:: TASK REQUIREMENTS ::
Give back exactly the lines of the material below that start at the line containing "definition a' :: letter" and end at the line containing "w \<longleftrightarrow> (\<exists>u", and no others.

:: TASK DATA ::
(* Let $\mathbb{F}_3$ be the free group on $a,b,c$, let $r = aba^{-1}b^{-1}c$ and $N$ its normal closure. Let $R = \{r_1^{\pm1},\dots,r_5^{\pm1}\}$ where $r_1 = aba^{-1}b^{-1}c$, $r_2 = ba^{-1}b^{-1}ca$, $r_3 = a^{-1}b^{-1}cab$, $r_4 = b^{-1}caba^{-1}$, $r_5 = caba^{-1}b^{-1}$. A piece is an initial subword of some element of $R$. Then every nontrivial cyclically reduced word $w \in N$ contains (as a subword) a piece of length $4$. *)

theory Defs
  imports Main "HOL-Library.Sublist"
begin

text \<open>Words over the generators a, b, c of the free group F_3 and their inverses.
  A letter is a pair (generator, sign); sign True means the generator itself,
  False its inverse.\<close>

datatype gen = GA | GB | GC

type_synonym letter = "gen \<times> bool"
type_synonym word = "letter list"

definition inv_letter :: "letter \<Rightarrow> letter" where
  "inv_letter x = (fst x, \<not> snd x)"

definition inv_word :: "word \<Rightarrow> word" where
  "inv_word w = rev (map inv_letter w)"

definition a :: letter where "a = (GA, True)"
definition b :: letter where "b = (GB, True)"
definition c :: letter where "c = (GC, True)"
definition a' :: letter where "a' = (GA, False)"
definition b' :: letter where "b' = (GB, False)"

inductive reduce1 :: "word \<Rightarrow> word \<Rightarrow> bool" where
  "reduce1 (xs @ [x, inv_letter x] @ ys) (xs @ ys)"

definition free_eq :: "word \<Rightarrow> word \<Rightarrow> bool" where
  "free_eq = (sup reduce1 (reduce1\<inverse>\<inverse>))\<^sup>*\<^sup>*"

definition reduced :: "word \<Rightarrow> bool" where
  "reduced w \<longleftrightarrow> (\<forall>i. Suc i < length w \<longrightarrow> w ! Suc i \<noteq> inv_letter (w ! i))"

definition cyclically_reduced :: "word \<Rightarrow> bool" where
  "cyclically_reduced w \<longleftrightarrow> reduced w \<and> (w \<noteq> [] \<longrightarrow> last w \<noteq> inv_letter (hd w))"

definition rel :: word where "rel = [a, b, a', b', c]"

inductive_set conj_prods :: "word set" where
  nil: "[] \<in> conj_prods"
| pos: "u \<in> conj_prods \<Longrightarrow> u @ g @ rel @ inv_word g \<in> conj_prods"
| neg: "u \<in> conj_prods \<Longrightarrow> u @ g @ inv_word rel @ inv_word g \<in> conj_prods"

definition in_N :: "word \<Rightarrow> bool" where
  "in_N w \<longleftrightarrow> (\<exists>u \<in> conj_prods. free_eq w u)"

definition r1 :: word where "r1 = [a, b, a', b', c]"
definition r2 :: word where "r2 = [b, a', b', c, a]"
definition r3 :: word where "r3 = [a', b', c, a, b]"
definition r4 :: word where "r4 = [b', c, a, b, a']"
definition r5 :: word where "r5 = [c, a, b, a', b']"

:: EXPECTED ANSWER ::
definition a' :: letter where "a' = (GA, False)"
definition b' :: letter where "b' = (GB, False)"

inductive reduce1 :: "word \<Rightarrow> word \<Rightarrow> bool" where
  "reduce1 (xs @ [x, inv_letter x] @ ys) (xs @ ys)"

definition free_eq :: "word \<Rightarrow> word \<Rightarrow> bool" where
  "free_eq = (sup reduce1 (reduce1\<inverse>\<inverse>))\<^sup>*\<^sup>*"

definition reduced :: "word \<Rightarrow> bool" where
  "reduced w \<longleftrightarrow> (\<forall>i. Suc i < length w \<longrightarrow> w ! Suc i \<noteq> inv_letter (w ! i))"

definition cyclically_reduced :: "word \<Rightarrow> bool" where
  "cyclically_reduced w \<longleftrightarrow> reduced w \<and> (w \<noteq> [] \<longrightarrow> last w \<noteq> inv_letter (hd w))"

definition rel :: word where "rel = [a, b, a', b', c]"

inductive_set conj_prods :: "word set" where
  nil: "[] \<in> conj_prods"
| pos: "u \<in> conj_prods \<Longrightarrow> u @ g @ rel @ inv_word g \<in> conj_prods"
| neg: "u \<in> conj_prods \<Longrightarrow> u @ g @ inv_word rel @ inv_word g \<in> conj_prods"

definition in_N :: "word \<Rightarrow> bool" where
  "in_N w \<longleftrightarrow> (\<exists>u \<in> conj_prods. free_eq w u)"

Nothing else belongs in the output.